TASK TO CARRY OUT ->
Below are entries. Copy exactly the lines running from the line that holds "(\<integral>\<^sup>+x. \<integral>\<^sup>+y. (if" to the line that holds "(auto simp: enn_root_def ennreal_mult[symmetric]", with both ends included.

SUPPLIED RECORDS ->
text \<open>Two closed hemispheres always meet: at the normalized sum of their poles, or, for
  antipodal poles, at any unit vector orthogonal to them, which exists since \<open>n \<ge> 1\<close>.\<close>
lemma not_hemispherical_hemi:
  fixes P :: "'a::euclidean_space"
  assumes P: "P \<in> Basis" and dim: "DIM('a) \<ge> 2"
  shows "\<not> hemispherical (hemi P)"
proof
  assume "hemispherical (hemi P)"
  then obtain Q where Q: "Q \<in> sphere 0 1" "hemi P \<inter> hemi Q = {}"
    by (auto simp: hemispherical_def)
  have Ps: "P \<in> sphere 0 1"
    using P by simp
  show False
  proof (cases "P + Q = 0")
    case False
    have "-1 \<le> P \<bullet> Q"
      using inner_unit_sphere_bounds[OF Ps Q(1)] by simp
    then have "0 \<le> P \<bullet> (P + Q)" "0 \<le> Q \<bullet> (P + Q)"
      using Ps Q(1) by (simp_all add: inner_add_right dot_square_norm inner_commute)
    then have "(P + Q) /\<^sub>R norm (P + Q) \<in> hemi P \<inter> hemi Q"
      using False by (simp add: hemi_def)
    with Q(2) show False
      by blast
  next
    case True
    obtain b :: 'a where b: "b \<in> Basis" "b \<noteq> P"
    proof -
      have "\<not> Basis \<subseteq> {P}"
        using dim card_mono[of "{P}" "Basis :: 'a set"] by auto
      with that show thesis
        by blast
    qed
    moreover have "Q = - P"
      using True by (simp add: eq_neg_iff_add_eq_0 add.commute)
    ultimately have "b \<in> hemi P \<inter> hemi Q"
      using P by (simp add: hemi_def inner_not_same_Basis)
    with Q(2) show False
      by blast
  qed
qed

lemma polar_image_Hsconv_neq:
  assumes dim: "DIM('a::euclidean_space) \<ge> 2"
  shows "polar ` (Hsconv :: 'a set set) \<noteq> Hsconv"
proof
  assume eq: "polar ` (Hsconv :: 'a set set) = Hsconv"
  obtain P :: 'a where P: "P \<in> Basis"
    using nonempty_Basis by blast
  then have "polar {P} \<in> Hsconv"
    using eq singleton_in_Hsconv[of P] by auto
  then have "hemispherical (hemi P)"
    by (simp add: polar_singleton Hsconv_def s_convex_def)
  with not_hemispherical_hemi[OF P dim] show False ..
qed

theorem proposition2:
  assumes "DIM('a::euclidean_space) \<ge> 2"
  shows "hclosure (Hsconv :: 'a set set) \<subseteq> Hpolar
       \<and> polar ` (Hsconv :: 'a set set) \<noteq> Hsconv
       \<and> polar ` hclosure (Hsconv :: 'a set set) = hclosure Hsconv
       \<and> inj_on polar (hclosure (Hsconv :: 'a set set))"
proof (intro conjI)
  show "hclosure (Hsconv :: 'a set set) \<subseteq> Hpolar"
    using hclosure_Hsconv_inner_polar_pos Hspace_hclosure by (fastforce simp: Hpolar_def)
  show "polar ` (Hsconv :: 'a set set) \<noteq> Hsconv"
    using assms by (rule polar_image_Hsconv_neq)
  show "polar ` hclosure (Hsconv :: 'a set set) = hclosure Hsconv"
  proof
    show "polar ` hclosure Hsconv \<subseteq> (hclosure Hsconv :: 'a set set)"
      using polar_hclosure_Hsconv by blast
    show "hclosure Hsconv \<subseteq> polar ` (hclosure Hsconv :: 'a set set)"
      using polar_hclosure_Hsconv polar_polar_hclosure_Hsconv by (metis image_eqI subsetI)
  qed
  show "inj_on polar (hclosure (Hsconv :: 'a set set))"
    by (rule inj_onI) (metis polar_polar_hclosure_Hsconv)
qed
lemma nn_integral_count_space_swap:
  fixes f :: "'a \<Rightarrow> 'b \<Rightarrow> ennreal"
  shows "(\<integral>\<^sup>+x. \<integral>\<^sup>+y. f x y \<partial>count_space UNIV \<partial>count_space UNIV)
       = (\<integral>\<^sup>+y. \<integral>\<^sup>+x. f x y \<partial>count_space UNIV \<partial>count_space UNIV)"
  using nn_integral_fst_count_space[of "case_prod f"] nn_integral_snd_count_space[of "case_prod f"]
  by simp

lemma nn_integral_count_space_regroup:
  fixes k :: "'a \<Rightarrow> 'b" and c :: "'a \<Rightarrow> ennreal" and g :: "'b \<Rightarrow> ennreal"
  shows "(\<integral>\<^sup>+x. c x * g (k x) \<partial>count_space UNIV)
       = (\<integral>\<^sup>+y. g y * (\<integral>\<^sup>+x. (if k x = y then c x else 0) \<partial>count_space UNIV) \<partial>count_space UNIV)"
proof -
  have "(\<integral>\<^sup>+x. c x * g (k x) \<partial>count_space UNIV)
      = (\<integral>\<^sup>+x. \<integral>\<^sup>+y. (if k x = y then c x * g y else 0) \<partial>count_space UNIV \<partial>count_space UNIV)"
    by (intro nn_integral_cong, subst nn_integral_count_space'[of "{k _}"]) auto
  also have "\<dots> = (\<integral>\<^sup>+y. \<integral>\<^sup>+x. g y * (if k x = y then c x else 0) \<partial>count_space UNIV \<partial>count_space UNIV)"
    by (subst nn_integral_count_space_swap) (intro nn_integral_cong, simp add: mult.commute)
  also have "\<dots> = (\<integral>\<^sup>+y. g y * (\<integral>\<^sup>+x. (if k x = y then c x else 0) \<partial>count_space UNIV) \<partial>count_space UNIV)"
    by (simp add: nn_integral_cmult)
  finally show ?thesis .
qed

lemma enn_root_mono: "p > 0 \<Longrightarrow> x \<le> y \<Longrightarrow> enn_root p x \<le> enn_root p y"
  by (cases x rule: ennreal_cases; cases y rule: ennreal_cases)
     (auto simp: enn_root_def top_unique intro!: ennreal_leI powr_mono2)

lemma enn_root_mult: "p > 0 \<Longrightarrow> enn_root p (x * y) = enn_root p x * enn_root p y"
  by (cases x rule: ennreal_cases; cases y rule: ennreal_cases)
     (auto simp: enn_root_def ennreal_mult[symmetric] powr_mult ennreal_mult_top ennreal_top_mult)
(* Let $\beta\in\{1,2\}$ and let $r\geq\beta$ be an integer. Let $x\in[0,1]^N$ satisfy $\|(D^\beta)^Tx\|_0\leq s$, and let $q=Q^{\Sigma\Delta,r}_{\mathcal{A}_\delta}(x)$ be its $r$-th order $\Sigma\Delta$ quantization, whose state vector $u$ satisfies $x-q=D^ru$ and $\|u\|_\infty\leq\delta/2$. Let $\hat x$ be a solution to $$\min_{z\in\mathbb{R}^N}\|(D^\beta)^Tz\|_1\quad\text{subject to}\quad \|D^{-r}(z-q)\|_\infty\leq\delta/2.$$ Then $\|\hat x-x\|_2\leq C\sqrt{s}\,\delta$, where $C$ is a constant independent of $x$.
   Context: $D$ is the $N\times N$ matrix with $1$ on the diagonal, $-1$ on the subdiagonal, $0$ elsewhere; $D^r$ is its $r$-th power. $\|v\|_0$ is the number of nonzero entries. The alphabet is $\mathcal{A}_\delta=\{c+J\delta: J\in\mathbb{Z},\ J_1\leq J\leq J_2\}$ with step size $\delta>0$, and $Q_{\mathcal{A}}(z)$ is an element of $\mathcal{A}$ nearest to $z$. The $r$-th order $\Sigma\Delta$ quantization of $y\in\mathbb{R}^N$: with $u_i=0$ for $i\leq 0$, for $i=1,\dots,N$ set $q_i=Q_{\mathcal{A}}\big(\sum_{j=1}^r(-1)^{j-1}\binom{r}{j}u_{i-j}+y_i\big)$ and define $u_i$ by $(D^ru)_i=y_i-q_i$. The alphabet is assumed to have enough levels that the scheme is stable with $\|u\|_\infty\leq\delta/2$. *)

theory Defs
  imports Complex_Main "Jordan_Normal_Form.Matrix"
begin

text \<open>Vectors in R^N are JNF vectors of dimension N, indexed 0..N-1
  (paper index i corresponds to i-1 here).\<close>

definition Dmat :: "nat \<Rightarrow> real mat" where
  "Dmat N = mat N N (\<lambda>(i,j). if i = j then 1 else if i = j + 1 then -1 else 0)"

definition Dinv_pow :: "nat \<Rightarrow> nat \<Rightarrow> real vec \<Rightarrow> real vec" where
  "Dinv_pow N r v = (THE w. w \<in> carrier_vec N \<and> (Dmat N ^\<^sub>m r) *\<^sub>v w = v)"

definition l0norm :: "real vec \<Rightarrow> nat" where
  "l0norm v = card {i. i < dim_vec v \<and> v $ i \<noteq> 0}"

definition l1norm :: "real vec \<Rightarrow> real" where
  "l1norm v = (\<Sum>i<dim_vec v. \<bar>v $ i\<bar>)"

definition l2norm :: "real vec \<Rightarrow> real" where
  "l2norm v = sqrt (\<Sum>i<dim_vec v. (v $ i)\<^sup>2)"

definition linfnorm :: "real vec \<Rightarrow> real" where
  "linfnorm v = (if dim_vec v = 0 then 0 else Max {\<bar>v $ i\<bar> | i. i < dim_vec v})"

definition alphabet :: "real \<Rightarrow> real \<Rightarrow> int \<Rightarrow> int \<Rightarrow> real set" where
  "alphabet c \<delta> J1 J2 = {c + of_int J * \<delta> | J. J1 \<le> J \<and> J \<le> J2}"

text \<open>a is an element of A nearest to z (a valid value of Q_A(z)).\<close>
definition nearest :: "real set \<Rightarrow> real \<Rightarrow> real \<Rightarrow> bool" where
  "nearest A z a \<longleftrightarrow> a \<in> A \<and> (\<forall>b\<in>A. \<bar>z - a\<bar> \<le> \<bar>z - b\<bar>)"

definition sigma_delta :: "real set \<Rightarrow> nat \<Rightarrow> real vec \<Rightarrow> real vec \<Rightarrow> real vec \<Rightarrow> bool" where
  "sigma_delta A r y q u \<longleftrightarrow>
     (let N = dim_vec y in
      q \<in> carrier_vec N \<and> u \<in> carrier_vec N \<and>
      (\<forall>i<N. nearest A
          ((\<Sum>j\<in>{1..r}. (-1)^(j-1) * real (r choose j) * (if j \<le> i then u $ (i - j) else 0)) + y $ i)
          (q $ i)) \<and>
      (Dmat N ^\<^sub>m r) *\<^sub>v u = y - q)"

end

theory Submission
  imports Defs
begin

(* Write h = xhat - x. The state vectors of x and of xhat give h = D^r w with |w|_inf <= delta,
   so h = D^beta g with |g|_inf <= 2^(r-beta) delta.  Moving D^beta across the inner product,
   |h|_2^2 = <(D^beta)^T h, g> <= |(D^beta)^T h|_1 |g|_inf.  Minimality of xhat and the
   s-sparsity of (D^beta)^T x put v = (D^beta)^T h in the l1 descent cone, where
   |v|_1 <= 2 sqrt s |v|_2, and |v|_2 <= 2^beta |h|_2.  Dividing by |h|_2 gives
   |h|_2 <= 2^(r+1) sqrt s delta. *)

lemma pow_mat_add:
  assumes "A \<in> carrier_mat n n"
  shows "A ^\<^sub>m (k + l) = A ^\<^sub>m k * A ^\<^sub>m l"
proof (induction l)
  case 0 then show ?case using assms by simp
next
  case (Suc l) then show ?case using assms by (simp add: assoc_mult_mat[of _ n n _ n _ n])
qed

lemma pow_mat_Suc_left:
  assumes "A \<in> carrier_mat n n"
  shows "A ^\<^sub>m Suc k = A * A ^\<^sub>m k"
  using pow_mat_add[OF assms, of 1 k] assms by simp

lemma transpose_pow_mat:
  fixes A :: "'a :: comm_semiring_1 mat"
  assumes "A \<in> carrier_mat n n"
  shows "transpose_mat (A ^\<^sub>m k) = transpose_mat A ^\<^sub>m k"
proof (induction k)
  case 0 then show ?case using assms by simp
next
  case (Suc k)
  have "transpose_mat (A ^\<^sub>m Suc k) = transpose_mat (A * A ^\<^sub>m k)"
    by (simp only: pow_mat_Suc_left[OF assms])
  also have "\<dots> = transpose_mat A ^\<^sub>m k * transpose_mat A"
    using assms by (simp add: transpose_mult[of A n n _ n] Suc)
  finally show ?case by simp
qed

lemma Dmat_carrier [simp]: "Dmat N \<in> carrier_mat N N"
  and Dmat_dims [simp]: "dim_row (Dmat N) = N" "dim_col (Dmat N) = N"
  by (simp_all add: Dmat_def)

lemma Dmat_mult_vec_nth:
  assumes "w \<in> carrier_vec N" "i < N"
  shows "(Dmat N *\<^sub>v w) $ i = w $ i - (if i = 0 then 0 else w $ (i - 1))"
proof -
  have "(Dmat N *\<^sub>v w) $ i
      = (\<Sum>j<N. (if j = i then w $ j else 0) - (if j + 1 = i then w $ j else 0))"
    using assms by (auto simp: Dmat_def scalar_prod_def atLeast0LessThan intro!: sum.cong)
  then show ?thesis
    using assms by (cases i) (auto simp: sum_subtractf)
qed

lemma transpose_Dmat_mult_vec_nth:
  assumes "w \<in> carrier_vec N" "i < N"
  shows "(transpose_mat (Dmat N) *\<^sub>v w) $ i = w $ i - (if i + 1 < N then w $ (i + 1) else 0)"
proof -
  have "(transpose_mat (Dmat N) *\<^sub>v w) $ i
      = (\<Sum>j<N. (if j = i then w $ j else 0) - (if j = i + 1 then w $ j else 0))"
    using assms by (auto simp: Dmat_def scalar_prod_def atLeast0LessThan intro!: sum.cong)
  then show ?thesis
    using assms by (auto simp: sum_subtractf)
qed

lemma bij_betw_pow_mat_mult_vec:
  assumes "A \<in> carrier_mat n n" "bij_betw ((*\<^sub>v) A) (carrier_vec n) (carrier_vec n)"
  shows "bij_betw ((*\<^sub>v) (A ^\<^sub>m k)) (carrier_vec n) (carrier_vec n)"
proof (induction k)
  case 0
  have "bij_betw id (carrier_vec n) (carrier_vec n)" by simp
  then show ?case by (rule bij_betw_cong[THEN iffD1, rotated]) (use assms in auto)
next
  case (Suc k)
  have "bij_betw ((*\<^sub>v) (A ^\<^sub>m k) \<circ> (*\<^sub>v) A) (carrier_vec n) (carrier_vec n)"
    using assms(2) Suc by (rule bij_betw_trans)
  then show ?case
    by (rule bij_betw_cong[THEN iffD1, rotated])
      (use assms in \<open>auto simp: assoc_mult_mat_vec[of _ n n _ n]\<close>)
qed

lemma bij_betw_Dmat_mult_vec: "bij_betw ((*\<^sub>v) (Dmat N)) (carrier_vec N) (carrier_vec N)"
proof (rule bij_betw_imageI)
  show "inj_on ((*\<^sub>v) (Dmat N)) (carrier_vec N)"
  proof (rule inj_onI)
    fix a b :: "real vec"
    assume ab: "a \<in> carrier_vec N" "b \<in> carrier_vec N" and eq: "Dmat N *\<^sub>v a = Dmat N *\<^sub>v b"
    have "i < N \<Longrightarrow> a $ i = b $ i" for i
      by (induction i) (use eq Dmat_mult_vec_nth[OF ab(1)] Dmat_mult_vec_nth[OF ab(2)] in force)+
    then show "a = b" using ab by (intro eq_vecI) auto
  qed
  show "(*\<^sub>v) (Dmat N) ` carrier_vec N = carrier_vec N"
  proof (intro subset_antisym subsetI)
    fix v :: "real vec" assume v: "v \<in> carrier_vec N"
    define w where "w = vec N (\<lambda>i. \<Sum>j\<le>i. v $ j)"
    have w: "w \<in> carrier_vec N" by (simp add: w_def)
    have "Dmat N *\<^sub>v w = v"
    proof (rule eq_vecI)
      fix i assume "i < dim_vec v"
      then show "(Dmat N *\<^sub>v w) $ i = v $ i"
        by (subst Dmat_mult_vec_nth[OF w]) (use v in \<open>auto simp: w_def gr0_conv_Suc\<close>)
    qed (use v in simp)
    with w show "v \<in> (*\<^sub>v) (Dmat N) ` carrier_vec N" by blast
  qed (use mult_mat_vec_carrier[OF Dmat_carrier] in blast)
qed

lemma Dinv_pow_unique:
  assumes "w \<in> carrier_vec N" "(Dmat N ^\<^sub>m r) *\<^sub>v w = v"
  shows "Dinv_pow N r v = w"
  unfolding Dinv_pow_def
  using bij_betw_pow_mat_mult_vec[OF Dmat_carrier bij_betw_Dmat_mult_vec, of N r] assms
  by (auto simp: bij_betw_def inj_on_def)

lemma
  assumes "v \<in> carrier_vec N"
  shows Dinv_pow_carrier: "Dinv_pow N r v \<in> carrier_vec N"
    and Dmat_pow_mult_vec_Dinv_pow: "(Dmat N ^\<^sub>m r) *\<^sub>v Dinv_pow N r v = v"
proof -
  obtain w where "w \<in> carrier_vec N" "(Dmat N ^\<^sub>m r) *\<^sub>v w = v"
    using bij_betw_pow_mat_mult_vec[OF Dmat_carrier bij_betw_Dmat_mult_vec, of N r] assms
    by (metis bij_betw_def imageE)
  with Dinv_pow_unique
  show "Dinv_pow N r v \<in> carrier_vec N" "(Dmat N ^\<^sub>m r) *\<^sub>v Dinv_pow N r v = v"
    by simp_all
qed

lemma pow_mat_mult_vec_norm_le:
  fixes nrm :: "'a :: semiring_1 vec \<Rightarrow> real"
  assumes A: "A \<in> carrier_mat n n" and c: "0 \<le> c"
    and step: "\<And>w. w \<in> carrier_vec n \<Longrightarrow> nrm (A *\<^sub>v w) \<le> c * nrm w"
    and w: "w \<in> carrier_vec n"
  shows "nrm ((A ^\<^sub>m k) *\<^sub>v w) \<le> c ^ k * nrm w"
  using w
proof (induction k arbitrary: w)
  case 0
  then show ?case using A by simp
next
  case (Suc k)
  have "nrm ((A ^\<^sub>m Suc k) *\<^sub>v w) = nrm ((A ^\<^sub>m k) *\<^sub>v (A *\<^sub>v w))"
    using A Suc.prems by (simp add: assoc_mult_mat_vec[of _ n n _ n])
  also have "\<dots> \<le> c ^ k * nrm (A *\<^sub>v w)"
    using Suc.IH A Suc.prems by simp
  also have "\<dots> \<le> c ^ k * (c * nrm w)"
    using step[OF Suc.prems] c by (simp add: mult_left_mono)
  finally show ?case by (simp add: ac_simps)
qed

lemma abs_le_linfnorm:
  assumes "i < dim_vec w"
  shows "\<bar>w $ i\<bar> \<le> linfnorm w"
  using assms by (auto simp: linfnorm_def intro!: Max_ge)

lemma linfnorm_nonneg: "0 \<le> linfnorm w"
proof (cases "dim_vec w = 0")
  case False
  then show ?thesis using abs_le_linfnorm[of 0 w] by linarith
qed (simp add: linfnorm_def)

lemma linfnorm_le:
  assumes "0 \<le> K" "\<And>i. i < dim_vec w \<Longrightarrow> \<bar>w $ i\<bar> \<le> K"
  shows "linfnorm w \<le> K"
proof (cases "dim_vec w = 0")
  case False
  then have "{\<bar>w $ i\<bar> | i. i < dim_vec w} \<noteq> {}" by blast
  then show ?thesis using assms by (auto simp: linfnorm_def intro!: Max.boundedI)
qed (simp add: linfnorm_def assms)

lemma linfnorm_minus_le:
  assumes "a \<in> carrier_vec n" "b \<in> carrier_vec n"
  shows "linfnorm (a - b) \<le> linfnorm a + linfnorm b"
proof (rule linfnorm_le)
  show "0 \<le> linfnorm a + linfnorm b" by (simp add: linfnorm_nonneg)
  fix i assume "i < dim_vec (a - b)"
  then show "\<bar>(a - b) $ i\<bar> \<le> linfnorm a + linfnorm b"
    using assms abs_le_linfnorm[of i a] abs_le_linfnorm[of i b] by auto
qed

lemma linfnorm_Dmat_mult_vec_le:
  assumes w: "w \<in> carrier_vec N"
  shows "linfnorm (Dmat N *\<^sub>v w) \<le> 2 * linfnorm w"
proof (rule linfnorm_le)
  fix i assume "i < dim_vec (Dmat N *\<^sub>v w)"
  then have i: "i < N" by simp
  have "\<bar>w $ i\<bar> \<le> linfnorm w" "\<bar>w $ (i - 1)\<bar> \<le> linfnorm w"
    using w i by (auto intro!: abs_le_linfnorm)
  then show "\<bar>(Dmat N *\<^sub>v w) $ i\<bar> \<le> 2 * linfnorm w"
    unfolding Dmat_mult_vec_nth[OF w i]
    using linfnorm_nonneg[of w] abs_triangle_ineq4[of "w $ i" "w $ (i - 1)"] by auto
qed (simp add: linfnorm_nonneg)

lemma scalar_prod_le_l1norm_linfnorm:
  assumes "v \<in> carrier_vec n" "g \<in> carrier_vec n"
  shows "v \<bullet> g \<le> l1norm v * linfnorm g"
proof -
  have "v \<bullet> g = (\<Sum>i<n. v $ i * g $ i)"
    using assms by (simp add: scalar_prod_def atLeast0LessThan)
  also have "\<dots> \<le> (\<Sum>i<n. \<bar>v $ i\<bar> * linfnorm g)"
  proof (rule sum_mono)
    fix i assume "i \<in> {..<n}"
    then have "\<bar>g $ i\<bar> \<le> linfnorm g" using assms by (intro abs_le_linfnorm) auto
    then have "\<bar>v $ i * g $ i\<bar> \<le> \<bar>v $ i\<bar> * linfnorm g" by (simp add: abs_mult mult_left_mono)
    then show "v $ i * g $ i \<le> \<bar>v $ i\<bar> * linfnorm g" by linarith
  qed
  also have "\<dots> = l1norm v * linfnorm g"
    using assms by (simp add: l1norm_def sum_distrib_right)
  finally show ?thesis .
qed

WRITTEN REPLY ->
      = (\<integral>\<^sup>+x. \<integral>\<^sup>+y. (if k x = y then c x * g y else 0) \<partial>count_space UNIV \<partial>count_space UNIV)"
    by (intro nn_integral_cong, subst nn_integral_count_space'[of "{k _}"]) auto
  also have "\<dots> = (\<integral>\<^sup>+y. \<integral>\<^sup>+x. g y * (if k x = y then c x else 0) \<partial>count_space UNIV \<partial>count_space UNIV)"
    by (subst nn_integral_count_space_swap) (intro nn_integral_cong, simp add: mult.commute)
  also have "\<dots> = (\<integral>\<^sup>+y. g y * (\<integral>\<^sup>+x. (if k x = y then c x else 0) \<partial>count_space UNIV) \<partial>count_space UNIV)"
    by (simp add: nn_integral_cmult)
  finally show ?thesis .
qed

lemma enn_root_mono: "p > 0 \<Longrightarrow> x \<le> y \<Longrightarrow> enn_root p x \<le> enn_root p y"
  by (cases x rule: ennreal_cases; cases y rule: ennreal_cases)
     (auto simp: enn_root_def top_unique intro!: ennreal_leI powr_mono2)

lemma enn_root_mult: "p > 0 \<Longrightarrow> enn_root p (x * y) = enn_root p x * enn_root p y"
  by (cases x rule: ennreal_cases; cases y rule: ennreal_cases)
     (auto simp: enn_root_def ennreal_mult[symmetric] powr_mult ennreal_mult_top ennreal_top_mult)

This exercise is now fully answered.